Fredericton — It’s going to be a long four months for pedestrians in the capital city who have to find alternative routes to and from work during the closure of the Bill Thorpe Walking Bridge.
The bridge, which connects the north and south sides of Fredericton, is undergoing renovations that will render it out of commission until mid-January. Noting how this will inconvenience hundreds of people who rely on the bridge daily, Mayor Mike O’Brien has come up with a plan.
“Frankly, I didn’t think people would be this upset over the bridge closing, but here we are,” said O’Brien, wearing swim trunks and doing lat stretches at the side of the river by Picaroons. “So in the mornings from 7 to 8:30 a.m. I’ll be swimming across the river as many times as I can, carrying people on my back to the side they need to be on. In the afternoons the rides will be from 4 to 5:30.
“Please form an orderly queue, and yes, there will be a weight limit. I’m strong but I’m not a machine!”
O’Brien, who said he’ll wear a wetsuit when temperatures drop, added that he’s anticipating this plan to benefit himself as much as Frederictonians.
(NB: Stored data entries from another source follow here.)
(* Assume $k_{+\infty}=k_{-\infty}=:k_\infty$ and $k^2(x)\le k_\infty^2$ for all $x$. Let $\chi=\sqrt{k_\infty^2-k^2}$, and suppose $\chi$ is continuous and piecewise continuously differentiable and there is $x_0$ such that $\chi$ is nondecreasing on $(-\infty,x_0]$ and nonincreasing on $[x_0,\infty)$ (a single-hump barrier). Then $$T\ \ge\ \mathrm{sech}^2\left\{\frac{\max_x\sqrt{k_\infty^2-k^2(x)}}{k_\infty}+\int_{-\infty}^{\infty}\sqrt{k_\infty^2-k^2}\;\mathrm{d}x\right\}.$$ In quantum-mechanical notation, with $k^2=2m(E-V)/\hbar^2$, $V\ge0$, $V\to0$ at $\pm\infty$, $E>0$ and $V$ single-humped with maximum $V_{\max}$, this reads $T\ge\mathrm{sech}^2\{\sqrt{V_{\max}/E}+\int_{-\infty}^{\infty}\sqrt{2mV}/\hbar\,\mathrm{d}x\}$.
   Context: Standing setup: $k^2:\mathbb{R}\to\mathbb{R}$ is a piecewise continuous function with $k^2(x)\to k_{\pm\infty}^2$ as $x\to\pm\infty$, where $k_{\pm\infty}>0$ and $k^2-k_{\pm\infty}^2$ is integrable near $\pm\infty$. For the equation $u''+k^2(x)u=0$ there is a solution with $u(x)=e^{ik_{-\infty}x}+r\,e^{-ik_{-\infty}x}+o(1)$ as $x\to-\infty$ and $u(x)=\tau\,e^{ik_{+\infty}x}+o(1)$ as $x\to+\infty$; the transmission probability is $T=(k_{+\infty}/k_{-\infty})|\tau|^2$. Here $\mathrm{sech}=1/\cosh$, and if the integral equals $+\infty$ the bound is read as the trivial statement $T\ge 0$. *)

theory Defs
  imports "HOL-Analysis.Analysis"
begin

definition sech :: "real \<Rightarrow> real" where
  "sech x = 1 / cosh x"

definition piecewise_continuous :: "(real \<Rightarrow> real) \<Rightarrow> bool" where
  "piecewise_continuous f \<longleftrightarrow>
     (\<forall>a b. finite {x \<in> {a..b}. \<not> isCont f x}) \<and>
     (\<forall>x. (\<exists>l. (f \<longlongrightarrow> l) (at_left x)) \<and> (\<exists>l. (f \<longlongrightarrow> l) (at_right x)))"

definition is_solution :: "(real \<Rightarrow> real) \<Rightarrow> (real \<Rightarrow> complex) \<Rightarrow> bool" where
  "is_solution q u \<longleftrightarrow>
     (\<exists>u'. (\<forall>x. (u has_vector_derivative u' x) (at x)) \<and> continuous_on UNIV u' \<and>
           (\<forall>x. isCont q x \<longrightarrow>
                 (u' has_vector_derivative (- (complex_of_real (q x) * u x))) (at x)))"

end

theory Submission
  imports Defs
begin

(* Write chi = sqrt (k^2 - q) >= 0 and h = k + chi, so the solution u of u'' + q u = 0
   satisfies u'' = -(k^2 - chi^2) u.  Two quantities control the argument:
   the Wronskian W = Im (conj u * u'), which is constant, and the energy
   F = h |u|^2 + |u'|^2 / h, which always satisfies F >= 2|W|.  A pointwise algebraic
   inequality gives |F'| <= (|chi'|/h + 2 chi) sqrt (F^2 - 4 W^2), so the regularised
   logarithmic energy Phi = ln (F + sqrt (F^2 - 4 W^2 + e)) has Phi' >= -(|chi'|/h + 2 chi).
   Consequently Phi + ln h + 2 int chi increases where chi increases and
   Phi - ln h + 2 int chi increases where chi decreases; chaining both across the top x0
   of the hump bounds Phi at -infinity by Phi at +infinity plus 2 ln h(x0) + 2 int chi.
   At both ends u approaches a free wave a e^{ikx} + b e^{-ikx}, whose energy is
   2k(|a|^2+|b|^2) and whose Wronskian is k(|a|^2-|b|^2); this identifies W = kT = k(1-R)
   and the limits of F.  Letting e -> 0 gives (1 + sqrt R)^2 <= T exp (2 (chi(x0)/k + int chi)),
   which together with R = 1 - T is equivalent to the sech^2 bound.

   Since chi is continuous, so is q = k^2 - chi^2. *)

section \<open>Energy and Wronskian of a complex solution\<close>

definition energy :: "real \<Rightarrow> (real \<Rightarrow> complex) \<Rightarrow> (real \<Rightarrow> complex) \<Rightarrow> real \<Rightarrow> real" where
  "energy h u u' x = h * (cmod (u x))\<^sup>2 + (cmod (u' x))\<^sup>2 / h"

text \<open>The Wronskian of u and its complex conjugate (up to a factor 2i).\<close>
definition wronskian :: "(real \<Rightarrow> complex) \<Rightarrow> (real \<Rightarrow> complex) \<Rightarrow> real \<Rightarrow> real" where
  "wronskian u u' x = Im (cnj (u x) * u' x)"

text \<open>Regularised logarithmic energy: differentiable even where F = 2|W|.\<close>
definition log_energy :: "real \<Rightarrow> real \<Rightarrow> real \<Rightarrow> real" where
  "log_energy W e F = ln (F + sqrt (F\<^sup>2 - 4 * W\<^sup>2 + e))"

lemma solution_derivatives:
  fixes q chi :: "real \<Rightarrow> real" and u :: "real \<Rightarrow> complex" and k :: real
  assumes sol: "is_solution q u" and q: "\<And>x. q x = k\<^sup>2 - (chi x)\<^sup>2"
    and chic: "continuous_on UNIV chi"
  obtains u' where "\<And>x. (u has_vector_derivative u' x) (at x)"
    and "\<And>x. (u' has_vector_derivative - (of_real (k\<^sup>2 - (chi x)\<^sup>2) * u x)) (at x)"
proof -
  have "isCont q x" for x
    unfolding q[abs_def] using chic by (intro continuous_intros) (simp add: continuous_on_eq_continuous_at)
  then show ?thesis using sol that unfolding is_solution_def q by blast
qed

lemma wronskian_constant:
  fixes u u' :: "real \<Rightarrow> complex" and p :: "real \<Rightarrow> real"
  assumes du: "\<And>x. (u has_vector_derivative u' x) (at x)"
    and du': "\<And>x. (u' has_vector_derivative - (of_real (p x) * u x)) (at x)"
  obtains W where "\<And>x. wronskian u u' x = W"
proof -
  have "(wronskian u u' has_real_derivative 0) (at x)" for x
  proof -
    have "wronskian u u' = (\<lambda>t. Re (u t) * Im (u' t) - Im (u t) * Re (u' t))"
      by (auto simp: wronskian_def fun_eq_iff)
    then show ?thesis
      by (auto intro!: derivative_eq_intros du du' simp: algebra_simps)
  qed
  then show ?thesis
    using that has_field_derivative_zero_constant[of UNIV "wronskian u u'"] by auto
qed

text \<open>The energy dominates the Wronskian: F^2 - 4 W^2 is a sum of two squares.\<close>
lemma wronskian_sq_le_energy_sq:
  fixes z z' :: complex and h :: real
  assumes h: "h > 0"
  shows "4 * (Im (cnj z * z'))\<^sup>2 \<le> (h * (cmod z)\<^sup>2 + (cmod z')\<^sup>2 / h)\<^sup>2"
proof -
  have "(h * (cmod z)\<^sup>2 + (cmod z')\<^sup>2 / h)\<^sup>2 - 4 * (Im (cnj z * z'))\<^sup>2
      = (h * (cmod z)\<^sup>2 - (cmod z')\<^sup>2 / h)\<^sup>2 + (2 * Re (cnj z * z'))\<^sup>2"
    unfolding cmod_power2 using h by (simp add: field_simps power2_eq_square)
  moreover have "0 \<le> (h * (cmod z)\<^sup>2 - (cmod z')\<^sup>2 / h)\<^sup>2 + (2 * Re (cnj z * z'))\<^sup>2"
    by simp
  ultimately show ?thesis by linarith
qed

lemma wronskian_le_energy:
  assumes h: "h > 0"
  shows "2 * \<bar>wronskian u u' x\<bar> \<le> energy h u u' x"
proof -
  have "4 * (wronskian u u' x)\<^sup>2 \<le> (energy h u u' x)\<^sup>2"
    using wronskian_sq_le_energy_sq[OF h, of "u x" "u' x"] by (simp only: energy_def wronskian_def)
  then have "(2 * wronskian u u' x)\<^sup>2 \<le> (energy h u u' x)\<^sup>2"
    by (simp add: power_mult_distrib)
  moreover have "energy h u u' x \<ge> 0" using h by (simp add: energy_def)
  ultimately have "\<bar>2 * wronskian u u' x\<bar> \<le> energy h u u' x"
    by (simp only: power2_le_iff_abs_le)
  then show ?thesis by (simp add: abs_mult)
qed

lemma log_energy_arg_pos:
  fixes F W e :: real
  assumes F: "2 * \<bar>W\<bar> \<le> F" and e: "e > 0"
  shows "0 < F\<^sup>2 - 4 * W\<^sup>2 + e" and "0 < F + sqrt (F\<^sup>2 - 4 * W\<^sup>2 + e)"
proof -
  have "(2 * \<bar>W\<bar>)\<^sup>2 \<le> F\<^sup>2" using F by (intro power_mono) auto
  then show rad: "0 < F\<^sup>2 - 4 * W\<^sup>2 + e" using e by (simp add: power_mult_distrib)
  have "0 \<le> F" using F by linarith
  with rad show "0 < F + sqrt (F\<^sup>2 - 4 * W\<^sup>2 + e)" by (intro add_nonneg_pos) auto
qed

lemma log_energy_continuous:
  fixes u u' :: "real \<Rightarrow> complex" and chi :: "real \<Rightarrow> real" and k e W :: real
  assumes k: "k > 0" and e: "e > 0"
    and du: "\<And>x. (u has_vector_derivative u' x) (at x)"
    and du': "\<And>x. (u' has_vector_derivative - (of_real (k\<^sup>2 - (chi x)\<^sup>2) * u x)) (at x)"
    and W: "\<And>x. wronskian u u' x = W"
    and chic: "continuous_on UNIV chi" and chipos: "\<And>x. chi x \<ge> 0"
  shows "continuous_on UNIV (\<lambda>x. log_energy W e (energy (k + chi x) u u' x))"
proof -
  have hpos: "k + chi x > 0" for x using k chipos[of x] by linarith
  note pos = log_energy_arg_pos[OF wronskian_le_energy[OF hpos, of u u', unfolded W] e]
  have cont_u: "continuous_on UNIV u" "continuous_on UNIV u'"
    using du du' by (meson continuous_at_imp_continuous_on has_vector_derivative_continuous)+
  show ?thesis
    unfolding log_energy_def energy_def using pos hpos
    by (intro continuous_intros cont_u chic) (auto simp: energy_def less_imp_neq[symmetric])
qed

section \<open>Monotonicity of the logarithmic energy\<close>

text \<open>Pointwise algebra behind the derivative bound: writing u = X + iY, the derivative of
  F is the left-hand expression and F^2 - 4 W^2 is the radicand on the right.\<close>
lemma energy_derivative_bound_alg:
  fixes h c dc X Y X' Y' :: real
  assumes h: "h > 0" and c: "c \<ge> 0"
  shows "\<bar>dc * ((X\<^sup>2+Y\<^sup>2) - (X'\<^sup>2+Y'\<^sup>2)/h\<^sup>2) + 4*c*(X*X'+Y*Y')\<bar>
     \<le> (\<bar>dc\<bar>/h + 2*c) * sqrt ((h*(X\<^sup>2+Y\<^sup>2) + (X'\<^sup>2+Y'\<^sup>2)/h)\<^sup>2 - 4*(X*Y'-Y*X')\<^sup>2)"
proof -
  define A where "A = h*(X\<^sup>2+Y\<^sup>2) - (X'\<^sup>2+Y'\<^sup>2)/h"
  define B where "B = 2*(X*X'+Y*Y')"
  have radicand: "(h*(X\<^sup>2+Y\<^sup>2) + (X'\<^sup>2+Y'\<^sup>2)/h)\<^sup>2 - 4*(X*Y'-Y*X')\<^sup>2 = A\<^sup>2 + B\<^sup>2"
    unfolding A_def B_def using h by (simp add: field_simps power2_eq_square)
  have deriv: "dc * ((X\<^sup>2+Y\<^sup>2) - (X'\<^sup>2+Y'\<^sup>2)/h\<^sup>2) + 4*c*(X*X'+Y*Y') = (dc/h)*A + 2*c*B"
    unfolding A_def B_def using h by (simp add: field_simps power2_eq_square)
  have sA: "\<bar>A\<bar> \<le> sqrt (A\<^sup>2+B\<^sup>2)" and sB: "\<bar>B\<bar> \<le> sqrt (A\<^sup>2+B\<^sup>2)"
    by (metis real_sqrt_abs real_sqrt_le_mono le_add_same_cancel1 le_add_same_cancel2 zero_le_power2)+
  have "\<bar>(dc/h)*A + 2*c*B\<bar> \<le> \<bar>dc/h\<bar>*\<bar>A\<bar> + 2*c*\<bar>B\<bar>"
    using c abs_triangle_ineq[of "(dc/h)*A" "2*c*B"] by (simp add: abs_mult)
  also have "\<dots> \<le> \<bar>dc/h\<bar>* sqrt (A\<^sup>2+B\<^sup>2) + 2*c* sqrt (A\<^sup>2+B\<^sup>2)"
    using sA sB c by (intro add_mono mult_left_mono) auto
  finally show ?thesis unfolding deriv radicand using h by (simp add: abs_divide algebra_simps)
qed

lemma energy_derivative:
  fixes u u' :: "real \<Rightarrow> complex" and chi :: "real \<Rightarrow> real" and k dc x :: real
  assumes k: "k > 0" and chipos: "chi x \<ge> 0"
    and du: "(u has_vector_derivative u' x) (at x)"
    and du': "(u' has_vector_derivative - (of_real (k\<^sup>2 - (chi x)\<^sup>2) * u x)) (at x)"
    and dchi: "(chi has_real_derivative dc) (at x)"
  obtains Fd where "((\<lambda>t. energy (k + chi t) u u' t) has_real_derivative Fd) (at x)"
    and "\<bar>Fd\<bar> \<le> (\<bar>dc\<bar> / (k + chi x) + 2 * chi x)
        * sqrt ((energy (k + chi x) u u' x)\<^sup>2 - 4 * (wronskian u u' x)\<^sup>2)"
proof -
  define h where "h = k + chi x"
  define X Y X1 Y1 where "X = Re (u x)" and "Y = Im (u x)" and "X1 = Re (u' x)" and "Y1 = Im (u' x)"
  have hpos: "h > 0" using k chipos by (simp add: h_def)
  have energy_re_im: "energy (k + chi t) u u' t = (k + chi t) * ((Re (u t))\<^sup>2 + (Im (u t))\<^sup>2)
      + ((Re (u' t))\<^sup>2 + (Im (u' t))\<^sup>2) / (k + chi t)" for t
    by (simp add: energy_def cmod_power2)
  define Fd where "Fd = dc * ((X\<^sup>2+Y\<^sup>2) - (X1\<^sup>2+Y1\<^sup>2)/h\<^sup>2) + 4 * chi x * (X*X1+Y*Y1)"
  have "((\<lambda>t. energy (k + chi t) u u' t) has_real_derivative Fd) (at x)"
  proof -
    \<comment> \<open>field_simps needs the expanded square of h to be nonzero\<close>
    have "k * k + (chi x * chi x + k * (chi x * 2)) = (k + chi x) * (k + chi x)"
      by (simp add: algebra_simps)
    then have "k * k + (chi x * chi x + k * (chi x * 2)) \<noteq> 0" using hpos by (simp add: h_def)
    then show ?thesis
      unfolding energy_re_im using hpos
      by (auto intro!: derivative_eq_intros du du' dchi simp: Fd_def h_def X_def Y_def X1_def Y1_def)
         (simp add: field_simps power2_eq_square)
  qed
  moreover have "energy h u u' x = h * (X\<^sup>2 + Y\<^sup>2) + (X1\<^sup>2 + Y1\<^sup>2) / h"
    and "wronskian u u' x = X * Y1 - Y * X1"
    by (simp_all add: energy_def cmod_power2 wronskian_def X_def Y_def X1_def Y1_def)
  then have "\<bar>Fd\<bar> \<le> (\<bar>dc\<bar> / h + 2 * chi x) * sqrt ((energy h u u' x)\<^sup>2 - 4 * (wronskian u u' x)\<^sup>2)"
    using energy_derivative_bound_alg[OF hpos chipos, of dc X Y X1 Y1] unfolding Fd_def by simp
  ultimately show ?thesis using that unfolding h_def by blast
qed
“This is killing two birds with one stone — I can help people get where they need to go, and I get an amazing workout. I’m going to have a killer bod by January!”
Locals are pleased with the mayor for stepping — or swimming — up.
“I get that the upgrades are necessary, but the bridge closure would have added a full hour to my commute,” said Barker’s Point resident Beth Hammil, who works at the Regent Mall. “You can’t walk or bike across the Princess Margaret Bridge, and the Westmorland is so far out of my way it’s not even worth it. Thankfully we have a mayor who really seems to get that, and who cares about his constituents. God love him!”
“I feel kind of weird about climbing onto some politician’s back and wrapping my arms around his neck, but it is what it is,” shrugged Matthew O’Donnell of Nashwaaksis. “I hope I don’t get too soaked before work. I guess if I bring a change of clothes it should be okay.”
O’Brien said that, for anyone who feels awkward about the unconventional arrangement, they should simply try to imagine him as a boat, or as a paddleboard — not as a mayor.
“I’m just a vessel. Don’t think anything of it,” he added, easing into the chilly water and shivering. “But if you want to take this into consideration when you’re voting in the next municipal election, I won’t discourage you!”